Persistent air leak (PAL) > 5 days due to alveolopleural fistulae is a leading cause of morbidity following surgical resection. Elevated CO2 levels reportedly inhibit alveolar epithelial cell proliferation and impair wound healing in vitro. Because the injured lung surface is in direct communication with the pleural cavity, we investigated whether the pleural gaseous milieu affected lung healing.
Oxygen and CO2 levels in pleural gas were determined prospectively in consecutive patients (N = 116) undergoing lung resection by using an infrared spectroscopy-based analyzer. Poisson and logistic regression analyses were used to determine the relationship between time to resolution of air leaks and pleural oxygen and CO2. In addition, patients with pleural CO2 concentrations ≥ 6% on postoperative day 1 (n = 20) were alternatively treated with supplemental oxygen and extrapleural suction to reduce the pleural CO2 levels.
Poisson analyses revealed that every 1% increase in CO2 was associated with a delay in resolution of air leak by 9 h (95% CI, 7.1 to 10.8; P < .001). Linear regression showed that every 1% increase in CO2 increased the odds of PAL by 10-fold (95% CI, 2.2 to 47.8; P = .003).
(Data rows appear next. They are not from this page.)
theorem mainTheorem2:
  fixes bL :: "'l::ab_group_add \<Rightarrow> 'l" and bM :: "'m::ab_group_add \<Rightarrow> 'm"
    and i :: "'l \<Rightarrow> 'm" and p :: "'m \<Rightarrow> 'l" and h :: "'m \<Rightarrow> 'm" and \<delta> :: "'m \<Rightarrow> 'm"
  assumes "DR_data bL bM i p h"
    and "small_perturbation bM h \<delta>"
  shows "DR_data (pert_bL bL i p h \<delta>) (\<lambda>x. bM x + \<delta> x)
            (pert_i i h \<delta>) (pert_p p h \<delta>) (pert_h h \<delta>)
         \<longleftrightarrow> (\<forall>x. p (pert_A h \<delta> (h (h (pert_A h \<delta> (i x))))
                     + pert_A h \<delta> (h (i x)) + h (pert_A h \<delta> (i x))) = 0)"
proof -
  have HE: "HE_data bL bM i p h"
    using assms(1) unfolding DR_data_def by blast
  interpret HE_perturbation bM h \<delta> bL i p
    using HE assms(2) by unfold_locales (simp_all add: HE_data_def)
  have "p (i x) = x" for x
    using assms(1) unfolding DR_data_def by blast
  then show ?thesis
    unfolding DR_data_pert_iff pert_p_pert_i by simp
qed

end
(* In a finite dynamic game as described in the context, suppose $K^i$ is unilaterally sufficient information for player $i$. Let $g$ be the strategy part of a sequential equilibrium $(g,Q)$. Then there exists a $K^i$-based strategy $\rho^i$ such that $(\rho^i,g^{-i})$ is the strategy part of a sequential equilibrium and $J^j(\rho^i,g^{-i})=J^j(g)$ for all $j\in\mathcal{I}$.
   Context: Game model: finite set of players $\mathcal{I}$, times $\mathcal{T}=\{1,\dots,T\}$. At time $t$ each player $i$ takes action $U_t^i\in\mathcal{U}_t^i$, obtains reward $R_t^i\in[-1,1]$ and learns new information $Z_t^i\in\mathcal{Z}_t^i$. There is a state $X_t\in\mathcal{X}_t$ with $(X_{t+1},Z_t,R_t)=f_t(X_t,U_t,W_t)$ for fixed functions $f_t$. Primitive random variables $(X_1,H_1)$ and $W_1,\dots,W_T$ are mutually independent with commonly known distributions. All sets are finite. Perfect recall: $H_t^i=(H_1^i,Z_{1:t-1}^i)\in\mathcal{H}_t^i$, and $U_t^i$ is a component of $Z_t^i$. Behavioral strategy $g_t^i:\mathcal{H}_t^i\to\Delta(\mathcal{U}_t^i)$; payoff $J^j(g)=\mathbb{E}^g[\sum_t R_t^j]$. A realization is admissible under $g$ if it has positive probability under $g$. Sequential equilibrium (SE): for a profile $g$ and functions $Q_t^i:\mathcal{H}_t^i\times\mathcal{U}_t^i\to\mathbb{R}$: $g$ is sequentially rational under $Q$ if $\mathrm{supp}(g_t^i(h_t^i))\subseteq\arg\max_u Q_t^i(h_t^i,u)$ for all $i,t,h_t^i$; $Q$ is fully consistent with $g$ if there is a sequence $(g^{(n)},Q^{(n)})\to(g,Q)$ with each $g^{(n)}$ fully mixed and $Q_\tau^{(n),i}(h_\tau^i,u_\tau^i)=\mathbb{E}^{g^{(n)}}[\sum_{t=\tau}^T R_t^i\mid h_\tau^i,u_\tau^i]$ for all $i,\tau,h_\tau^i,u_\tau^i$; $(g,Q)$ is an SE if both hold; $g$ is then called the strategy part of the SE. Compression: $K_1^i=\iota_1^i(H_1^i)$, $K_t^i=\iota_t^i(K_{t-1}^i,Z_{t-1}^i)$ for fixed maps, finite value sets $\mathcal{K}_t^i$; $k_t^i$ is the compression of $h_t^i$; a $K^i$-based strategy has $\rho_t^i:\mathcal{K}_t^i\to\Delta(\mathcal{U}_t^i)$. Unilaterally sufficient information (USI): $K^i$ is USI for player $i$ if there exist $F_t^{i,g^i}:\mathcal{K}_t^i\to\Delta(\mathcal{H}_t^i)$ depending only on $g^i$ and $\Phi_t^{i,g^{-i}}:\mathcal{K}_t^i\to\Delta(\mathcal{X}_t\times\mathcal{H}_t^{-i})$ depending only on $g^{-i}$ with $\Pr^g(x_t,h_t\mid k_t^i)=F_t^{i,g^i}(h_t^i\mid k_t^i)\Phi_t^{i,g^{-i}}(x_t,h_t^{-i}\mid k_t^i)$ for all behavioral profiles $g$, all $t$, all $k_t^i$ admissible under $g$ (with $x_t,h_t^i,h_t^{-i}$ ranging independently; the left side is $0$ if they disagree on shared components). *)

theory Defs
  imports "HOL-Probability.Probability"
begin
In patients with pleural CO2 ≥ 6%, a reduction in CO2 promoted resolution of air leak (6.0 ± 1.2 vs 3.4 ± 1.1 days; P < .001).
Pleural hypercarbia seems to be associated with persistent alveolopleural fistulae following lung resection. Analysis of pleural gases could allow for better chest tube management following lung resection. Patients with intrapleural hypercarbia seem to benefit from supplemental oxygen and suction, whereas patients who do not have hypercarbia can be maintained on water seal drainage.